Saved entries:
::::::

lemma bounded_ln_of_tendsto_at_bot_at_top:
  fixes h :: "real \<Rightarrow> real"
  assumes "continuous_on UNIV h" "\<And>x. h x > 0"
    and "(h \<longlongrightarrow> l1) at_bot" "l1 > 0" "(h \<longlongrightarrow> l2) at_top" "l2 > 0"
  obtains K where "\<And>x. \<bar>ln (h x)\<bar> \<le> K"
proof (rule bounded_of_tendsto_at_bot_at_top)
  show "continuous_on UNIV (\<lambda>x. ln (h x))"
    using assms(1,2) by (intro continuous_intros) (auto simp: less_le)
  show "((\<lambda>x. ln (h x)) \<longlongrightarrow> ln l1) at_bot" "((\<lambda>x. ln (h x)) \<longlongrightarrow> ln l2) at_top"
    using assms(3-6) by (auto intro!: tendsto_intros)
qed (rule that)

lemma strictly_between_limits:
  fixes f f' :: "real \<Rightarrow> real"
  assumes f: "\<And>x. (f has_real_derivative f' x) (at x)" and pos: "\<And>x. f' x > 0"
    and "(f \<longlongrightarrow> A) at_bot" "(f \<longlongrightarrow> B) at_top"
  shows "A < f x \<and> f x < B"
proof -
  have strict_mono: "f a < f b" if "a < b" for a b
    using that f pos by (intro DERIV_pos_imp_increasing[where f = f]) blast+
  have "\<forall>\<^sub>F y in at_top. f (x + 1) \<le> f y"
    using eventually_ge_at_top[of "x + 1"] by eventually_elim (metis strict_mono le_less)
  with \<open>(f \<longlongrightarrow> B) at_top\<close> have "f (x + 1) \<le> B" by (rule tendsto_lowerbound) simp
  moreover have "\<forall>\<^sub>F y in at_bot. f y \<le> f (x - 1)"
    using eventually_le_at_bot[of "x - 1"] by eventually_elim (metis strict_mono le_less)
  with \<open>(f \<longlongrightarrow> A) at_bot\<close> have "A \<le> f (x - 1)" by (rule tendsto_upperbound) simp
  moreover have "f (x - 1) < f x" "f x < f (x + 1)" by (auto intro: strict_mono)
  ultimately show ?thesis by simp
qed

definition logistic_density :: "real \<Rightarrow> real \<Rightarrow> real" where
  "logistic_density k \<rho> = exp (k * \<rho>) / (1 + exp (k * \<rho>))\<^sup>2"

lemma one_plus_exp_pos: "1 + exp (x :: real) > 0"
  by (simp add: add_pos_pos)

lemma logistic_density_minus: "logistic_density (- k) \<rho> = logistic_density k \<rho>"
proof -
  have e: "exp (- k * \<rho>) = 1 / exp (k * \<rho>)" by (simp add: exp_minus inverse_eq_divide)
  have "exp (k * \<rho>) > 0" by simp
  then show ?thesis unfolding logistic_density_def e
    by (simp add: field_simps power2_eq_square)
qed

lemma logistic_density_pos: "logistic_density k \<rho> > 0"
  using one_plus_exp_pos[of "k * \<rho>"] by (simp add: logistic_density_def)

lemma logistic_density_le_1: "logistic_density k \<rho> \<le> 1"
proof -
  have "exp (k * \<rho>) \<le> (1 + exp (k * \<rho>))\<^sup>2"
    by (simp add: power2_eq_square algebra_simps add_pos_pos)
  then show ?thesis using one_plus_exp_pos[of "k * \<rho>"] by (simp add: logistic_density_def)
qed

lemma continuous_on_logistic_density: "continuous_on S (logistic_density k)"
  unfolding logistic_density_def[abs_def]
  using one_plus_exp_pos by (intro continuous_intros) (auto simp: less_le)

::::::

▶ [Try it]:
What is the number of lines in the entries above that contain the word "rule"? Answer with that number only.

▶ [Worked solution]:
4